● **Stored items**
▬▬▬

lemma scaled_coords_image_eqI:
  assumes "\<And>v. v \<in> A \<Longrightarrow> scaled_coords v \<in> set xs"
    and "\<forall>x\<in>set xs. unscaled_coords x \<in> A"
  shows "scaled_coords ` A = set xs"
  using assms by (metis image_eqI image_subset_iff scaled_unscaled_coords subsetI subset_antisym)

definition D5_coords :: "coords5 list" where
  "D5_coords = [
    (-10, -10, 0, 0, 0), (-10, 0, -10, 0, 0), (-10, 0, 0, -10, 0), (-10, 0, 0, 0, -10),
    (-10, 0, 0, 0, 10), (-10, 0, 0, 10, 0), (-10, 0, 10, 0, 0), (-10, 10, 0, 0, 0),
    (0, -10, -10, 0, 0), (0, -10, 0, -10, 0), (0, -10, 0, 0, -10), (0, -10, 0, 0, 10),
    (0, -10, 0, 10, 0), (0, -10, 10, 0, 0), (0, 0, -10, -10, 0), (0, 0, -10, 0, -10),
    (0, 0, -10, 0, 10), (0, 0, -10, 10, 0), (0, 0, 0, -10, -10), (0, 0, 0, -10, 10),
    (0, 0, 0, 10, -10), (0, 0, 0, 10, 10), (0, 0, 10, -10, 0), (0, 0, 10, 0, -10),
    (0, 0, 10, 0, 10), (0, 0, 10, 10, 0), (0, 10, -10, 0, 0), (0, 10, 0, -10, 0),
    (0, 10, 0, 0, -10), (0, 10, 0, 0, 10), (0, 10, 0, 10, 0), (0, 10, 10, 0, 0),
    (10, -10, 0, 0, 0), (10, 0, -10, 0, 0), (10, 0, 0, -10, 0), (10, 0, 0, 0, -10),
    (10, 0, 0, 0, 10), (10, 0, 0, 10, 0), (10, 0, 10, 0, 0), (10, 10, 0, 0, 0)]"

definition half_coords :: "coords5 list" where
  "half_coords = [
    (-5, -5, -5, 5, 10), (-5, -5, 5, -5, 10), (-5, 5, -5, -5, 10), (-5, 5, 5, 5, 10),
    (5, -5, -5, -5, 10), (5, -5, 5, 5, 10), (5, 5, -5, 5, 10), (5, 5, 5, -5, 10)]"

definition fifth_coords :: "coords5 list" where
  "fifth_coords = [
    (-2, -2, 8, 8, 8), (-2, 8, -2, 8, 8), (-2, 8, 8, -2, 8), (-2, 8, 8, 8, -2),
    (8, -2, -2, 8, 8), (8, -2, 8, -2, 8), (8, -2, 8, 8, -2), (8, 8, -2, -2, 8),
    (8, 8, -2, 8, -2), (8, 8, 8, -2, -2)]"

lemma scaled_coords_D5: "scaled_coords ` D5 = set D5_coords"
proof (rule scaled_coords_image_eqI)
  fix v assume "v \<in> D5"
  then have "v$1 \<in> {-1, 0, 1}" "v$2 \<in> {-1, 0, 1}" "v$3 \<in> {-1, 0, 1}" "v$4 \<in> {-1, 0, 1}"
    "v$5 \<in> {-1, 0, 1}" "card {i. v$i \<noteq> 0} = 2"
    by (auto simp: D5_def)
  then show "scaled_coords v \<in> set D5_coords"
    unfolding scaled_coords_def card_Collect_5 D5_coords_def by (auto split: if_splits)
next
  show "\<forall>x\<in>set D5_coords. unscaled_coords x \<in> D5"
    by (simp add: D5_coords_def D5_def forall_5 card_Collect_5 unscaled_coords_def)
qed

lemma scaled_coords_half_vecs: "scaled_coords ` half_vecs = set half_coords"
proof (rule scaled_coords_image_eqI)
  fix v assume "v \<in> half_vecs"
  then have "v$1 \<in> {-1/2, 1/2}" "v$2 \<in> {-1/2, 1/2}" "v$3 \<in> {-1/2, 1/2}" "v$4 \<in> {-1/2, 1/2}"
    "v$5 = 1" "odd (card {i\<in>{1,2,3,4::5}. v$i < 0})"
    by (auto simp: half_vecs_def)
  then show "scaled_coords v \<in> set half_coords"
    unfolding scaled_coords_def card_Collect_1234 half_coords_def by (auto split: if_splits)
next
  show "\<forall>x\<in>set half_coords. unscaled_coords x \<in> half_vecs"
    unfolding half_vecs_def mem_Collect_eq card_Collect_1234
    by (simp add: half_coords_def unscaled_coords_def)
qed

lemma scaled_coords_fifth_vecs: "scaled_coords ` fifth_vecs = set fifth_coords"
proof (rule scaled_coords_image_eqI)
  fix v assume "v \<in> fifth_vecs"
  then have "v$1 \<in> {-1/5, 4/5}" "v$2 \<in> {-1/5, 4/5}" "v$3 \<in> {-1/5, 4/5}" "v$4 \<in> {-1/5, 4/5}"
    "v$5 \<in> {-1/5, 4/5}" "card {i. v$i = 4/5} = 3"
    by (auto simp: fifth_vecs_def)
  then show "scaled_coords v \<in> set fifth_coords"
    unfolding scaled_coords_def card_Collect_5 fifth_coords_def by (auto split: if_splits)
next
  show "\<forall>x\<in>set fifth_coords. unscaled_coords x \<in> fifth_vecs"
    by (simp add: fifth_coords_def fifth_vecs_def forall_5 card_Collect_5 unscaled_coords_def)
qed

fun last_coord :: "coords5 \<Rightarrow> real" where
  "last_coord (a, b, c, d, e) = e"

fun coords_sum :: "coords5 \<Rightarrow> real" where
  "coords_sum (a, b, c, d, e) = a + b + c + d + e"

definition L5_coords :: "coords5 list" where
  "L5_coords = filter (\<lambda>x. last_coord x \<noteq> 10) D5_coords @ half_coords"

definition Q5_coords :: "coords5 list" where
  "Q5_coords = filter (\<lambda>x. coords_sum x \<noteq> 20) D5_coords @ fifth_coords"

definition R5_coords :: "coords5 list" where
  "R5_coords = filter (\<lambda>x. coords_sum x \<noteq> 20) L5_coords @ fifth_coords"

lemma scaled_coords_L5: "scaled_coords ` L5 = set L5_coords"
proof -
  have "L5 = (D5 - {v\<in>D5. last_coord (scaled_coords v) = 10}) \<union> half_vecs"
    by (simp add: L5_def scaled_coords_def)
  then show ?thesis
    by (auto simp: L5_coords_def scaled_coords_D5 [symmetric] scaled_coords_half_vecs [symmetric])
qed

lemma coord_sum_eq_2_iff: "coord_sum v = 2 \<longleftrightarrow> coords_sum (scaled_coords v) = 20"
  by (simp add: coord_sum_def sum_5 scaled_coords_def) arith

▬▬▬

● **TASK REQUIREMENTS**
If the word "list" is on a line above, return that line.

● **ANSWER FOR THIS EXERCISE**
definition D5_coords :: "coords5 list" where
definition half_coords :: "coords5 list" where
definition fifth_coords :: "coords5 list" where
definition L5_coords :: "coords5 list" where
definition Q5_coords :: "coords5 list" where
definition R5_coords :: "coords5 list" where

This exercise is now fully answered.